• _Task_
Copy each line of the listing below where the word "auto" turns up.

++++

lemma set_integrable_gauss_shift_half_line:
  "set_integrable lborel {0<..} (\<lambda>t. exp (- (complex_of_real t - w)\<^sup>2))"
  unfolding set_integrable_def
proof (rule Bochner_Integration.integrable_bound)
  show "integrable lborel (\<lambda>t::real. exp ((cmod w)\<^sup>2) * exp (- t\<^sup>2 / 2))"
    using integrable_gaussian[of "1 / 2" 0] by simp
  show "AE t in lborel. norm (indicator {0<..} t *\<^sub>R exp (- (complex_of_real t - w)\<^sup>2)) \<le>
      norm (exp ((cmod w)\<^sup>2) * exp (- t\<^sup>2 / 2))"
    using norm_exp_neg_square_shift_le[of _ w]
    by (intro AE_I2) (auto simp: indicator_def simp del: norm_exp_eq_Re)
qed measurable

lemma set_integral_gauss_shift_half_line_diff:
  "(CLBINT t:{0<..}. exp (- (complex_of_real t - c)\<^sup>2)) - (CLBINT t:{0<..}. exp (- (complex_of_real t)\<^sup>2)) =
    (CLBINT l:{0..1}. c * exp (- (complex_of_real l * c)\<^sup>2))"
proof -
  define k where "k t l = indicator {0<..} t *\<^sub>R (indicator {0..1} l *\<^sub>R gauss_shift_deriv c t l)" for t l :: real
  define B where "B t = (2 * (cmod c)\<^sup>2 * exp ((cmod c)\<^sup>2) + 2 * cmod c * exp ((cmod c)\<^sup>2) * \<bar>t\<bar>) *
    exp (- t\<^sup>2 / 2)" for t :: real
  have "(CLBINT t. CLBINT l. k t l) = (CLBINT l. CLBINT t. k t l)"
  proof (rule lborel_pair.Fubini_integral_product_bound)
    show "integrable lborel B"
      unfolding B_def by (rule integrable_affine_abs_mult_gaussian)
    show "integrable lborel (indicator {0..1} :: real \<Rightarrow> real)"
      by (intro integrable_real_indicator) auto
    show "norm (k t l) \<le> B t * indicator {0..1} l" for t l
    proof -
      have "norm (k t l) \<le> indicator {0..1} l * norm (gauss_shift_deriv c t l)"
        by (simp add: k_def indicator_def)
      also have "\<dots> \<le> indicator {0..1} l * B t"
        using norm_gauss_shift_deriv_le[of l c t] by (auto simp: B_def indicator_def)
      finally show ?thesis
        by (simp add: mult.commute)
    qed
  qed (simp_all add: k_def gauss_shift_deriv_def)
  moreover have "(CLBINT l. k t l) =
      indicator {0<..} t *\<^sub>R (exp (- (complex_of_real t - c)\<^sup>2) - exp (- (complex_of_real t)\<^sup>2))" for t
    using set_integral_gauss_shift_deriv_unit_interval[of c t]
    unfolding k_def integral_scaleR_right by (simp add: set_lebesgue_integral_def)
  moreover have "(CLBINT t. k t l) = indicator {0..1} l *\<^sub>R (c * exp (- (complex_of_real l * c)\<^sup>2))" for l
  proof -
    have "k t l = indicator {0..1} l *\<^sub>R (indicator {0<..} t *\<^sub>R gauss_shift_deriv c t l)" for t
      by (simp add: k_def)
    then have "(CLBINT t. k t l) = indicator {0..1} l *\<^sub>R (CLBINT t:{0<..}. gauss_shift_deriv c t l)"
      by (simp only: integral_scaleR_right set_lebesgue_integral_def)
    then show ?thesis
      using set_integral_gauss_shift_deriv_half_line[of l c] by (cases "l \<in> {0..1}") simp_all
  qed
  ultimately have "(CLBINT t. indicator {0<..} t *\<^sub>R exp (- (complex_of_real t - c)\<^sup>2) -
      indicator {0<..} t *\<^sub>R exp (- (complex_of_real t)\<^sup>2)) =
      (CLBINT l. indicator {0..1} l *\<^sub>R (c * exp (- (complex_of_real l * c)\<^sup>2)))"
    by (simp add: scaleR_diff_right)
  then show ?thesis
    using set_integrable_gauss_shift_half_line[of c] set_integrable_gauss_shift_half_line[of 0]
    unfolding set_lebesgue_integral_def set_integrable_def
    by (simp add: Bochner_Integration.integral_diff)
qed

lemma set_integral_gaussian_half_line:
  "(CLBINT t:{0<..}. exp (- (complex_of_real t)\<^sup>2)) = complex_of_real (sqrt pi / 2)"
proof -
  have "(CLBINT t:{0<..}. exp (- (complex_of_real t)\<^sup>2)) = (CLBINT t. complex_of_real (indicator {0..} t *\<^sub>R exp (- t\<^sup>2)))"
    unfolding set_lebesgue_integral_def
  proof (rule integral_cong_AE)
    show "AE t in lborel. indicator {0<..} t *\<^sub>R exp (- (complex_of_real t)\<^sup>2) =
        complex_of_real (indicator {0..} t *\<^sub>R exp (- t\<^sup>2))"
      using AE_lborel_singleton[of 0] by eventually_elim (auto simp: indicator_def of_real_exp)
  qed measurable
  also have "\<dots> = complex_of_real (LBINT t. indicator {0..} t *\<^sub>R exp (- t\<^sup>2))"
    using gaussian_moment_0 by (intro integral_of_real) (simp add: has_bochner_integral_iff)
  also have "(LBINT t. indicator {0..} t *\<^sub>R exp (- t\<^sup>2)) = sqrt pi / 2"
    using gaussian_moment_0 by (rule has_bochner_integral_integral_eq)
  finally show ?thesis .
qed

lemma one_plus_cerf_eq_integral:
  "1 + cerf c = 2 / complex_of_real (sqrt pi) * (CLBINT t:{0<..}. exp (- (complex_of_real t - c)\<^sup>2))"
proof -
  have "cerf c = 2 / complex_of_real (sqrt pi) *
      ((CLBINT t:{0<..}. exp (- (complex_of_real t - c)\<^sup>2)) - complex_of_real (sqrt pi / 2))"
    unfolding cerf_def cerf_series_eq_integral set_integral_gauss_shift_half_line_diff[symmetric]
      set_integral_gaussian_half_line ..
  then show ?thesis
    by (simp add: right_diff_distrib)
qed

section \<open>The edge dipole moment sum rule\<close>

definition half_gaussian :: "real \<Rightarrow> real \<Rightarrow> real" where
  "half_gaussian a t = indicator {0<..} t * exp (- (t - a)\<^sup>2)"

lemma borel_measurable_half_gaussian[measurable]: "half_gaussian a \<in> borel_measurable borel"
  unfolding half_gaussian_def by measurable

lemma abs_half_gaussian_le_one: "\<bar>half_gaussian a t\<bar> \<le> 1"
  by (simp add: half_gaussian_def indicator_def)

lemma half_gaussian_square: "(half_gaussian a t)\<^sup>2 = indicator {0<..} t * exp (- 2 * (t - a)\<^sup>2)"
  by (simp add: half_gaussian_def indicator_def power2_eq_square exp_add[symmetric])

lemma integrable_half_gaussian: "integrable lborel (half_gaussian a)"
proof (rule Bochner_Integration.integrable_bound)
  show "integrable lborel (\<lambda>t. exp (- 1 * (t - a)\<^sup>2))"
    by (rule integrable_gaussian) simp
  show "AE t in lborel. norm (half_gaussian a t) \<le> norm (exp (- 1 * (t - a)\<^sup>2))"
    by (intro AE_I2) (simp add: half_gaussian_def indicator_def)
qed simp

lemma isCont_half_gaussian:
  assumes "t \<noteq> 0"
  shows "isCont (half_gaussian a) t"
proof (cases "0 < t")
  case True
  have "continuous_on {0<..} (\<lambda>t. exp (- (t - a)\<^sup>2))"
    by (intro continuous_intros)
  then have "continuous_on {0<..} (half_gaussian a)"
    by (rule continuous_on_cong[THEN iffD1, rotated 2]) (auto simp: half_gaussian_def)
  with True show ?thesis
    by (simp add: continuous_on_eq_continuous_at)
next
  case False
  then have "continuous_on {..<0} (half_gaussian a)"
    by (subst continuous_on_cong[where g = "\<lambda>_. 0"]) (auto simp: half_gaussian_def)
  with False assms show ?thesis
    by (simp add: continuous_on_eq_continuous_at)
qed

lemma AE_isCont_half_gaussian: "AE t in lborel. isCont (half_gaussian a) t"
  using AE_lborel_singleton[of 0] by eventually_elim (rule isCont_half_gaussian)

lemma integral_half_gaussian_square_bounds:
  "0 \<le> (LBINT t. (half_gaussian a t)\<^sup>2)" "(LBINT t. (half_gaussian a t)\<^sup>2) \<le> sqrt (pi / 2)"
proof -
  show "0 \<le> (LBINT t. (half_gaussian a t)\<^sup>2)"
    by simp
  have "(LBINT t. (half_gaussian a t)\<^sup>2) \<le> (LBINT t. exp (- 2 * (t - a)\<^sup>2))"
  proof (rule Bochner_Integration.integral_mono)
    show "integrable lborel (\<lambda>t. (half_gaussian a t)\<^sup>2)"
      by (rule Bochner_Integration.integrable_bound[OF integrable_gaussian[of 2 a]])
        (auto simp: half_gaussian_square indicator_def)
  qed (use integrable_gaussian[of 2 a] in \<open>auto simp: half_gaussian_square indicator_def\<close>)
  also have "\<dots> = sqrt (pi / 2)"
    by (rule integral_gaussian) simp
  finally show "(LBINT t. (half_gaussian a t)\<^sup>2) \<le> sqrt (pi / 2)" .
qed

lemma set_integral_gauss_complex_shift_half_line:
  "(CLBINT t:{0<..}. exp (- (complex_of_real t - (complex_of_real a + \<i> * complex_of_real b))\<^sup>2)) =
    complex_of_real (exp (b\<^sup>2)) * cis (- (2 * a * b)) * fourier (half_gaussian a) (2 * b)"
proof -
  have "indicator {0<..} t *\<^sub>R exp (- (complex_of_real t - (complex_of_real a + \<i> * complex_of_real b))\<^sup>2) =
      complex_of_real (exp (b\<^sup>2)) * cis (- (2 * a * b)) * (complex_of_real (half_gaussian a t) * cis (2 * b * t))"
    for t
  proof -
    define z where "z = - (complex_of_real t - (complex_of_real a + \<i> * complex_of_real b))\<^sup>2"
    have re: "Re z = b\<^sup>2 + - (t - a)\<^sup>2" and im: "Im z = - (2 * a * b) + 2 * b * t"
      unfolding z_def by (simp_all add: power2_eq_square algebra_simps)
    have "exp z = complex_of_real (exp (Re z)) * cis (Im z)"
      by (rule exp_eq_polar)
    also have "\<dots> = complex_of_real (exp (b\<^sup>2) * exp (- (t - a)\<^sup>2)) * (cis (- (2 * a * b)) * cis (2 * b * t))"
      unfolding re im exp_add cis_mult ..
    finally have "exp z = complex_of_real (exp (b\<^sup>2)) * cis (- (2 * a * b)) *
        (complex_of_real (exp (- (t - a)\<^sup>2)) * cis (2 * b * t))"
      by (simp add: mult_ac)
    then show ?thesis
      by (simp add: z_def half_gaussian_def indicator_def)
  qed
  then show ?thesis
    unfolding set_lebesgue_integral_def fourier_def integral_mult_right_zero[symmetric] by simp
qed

++++

• _Task answer_
    by (intro AE_I2) (auto simp: indicator_def simp del: norm_exp_eq_Re)
      by (intro integrable_real_indicator) auto
        using norm_gauss_shift_deriv_le[of l c t] by (auto simp: B_def indicator_def)
      using AE_lborel_singleton[of 0] by eventually_elim (auto simp: indicator_def of_real_exp)
    by (rule continuous_on_cong[THEN iffD1, rotated 2]) (auto simp: half_gaussian_def)
    by (subst continuous_on_cong[where g = "\<lambda>_. 0"]) (auto simp: half_gaussian_def)
        (auto simp: half_gaussian_square indicator_def)
  qed (use integrable_gaussian[of 2 a] in \<open>auto simp: half_gaussian_square indicator_def\<close>)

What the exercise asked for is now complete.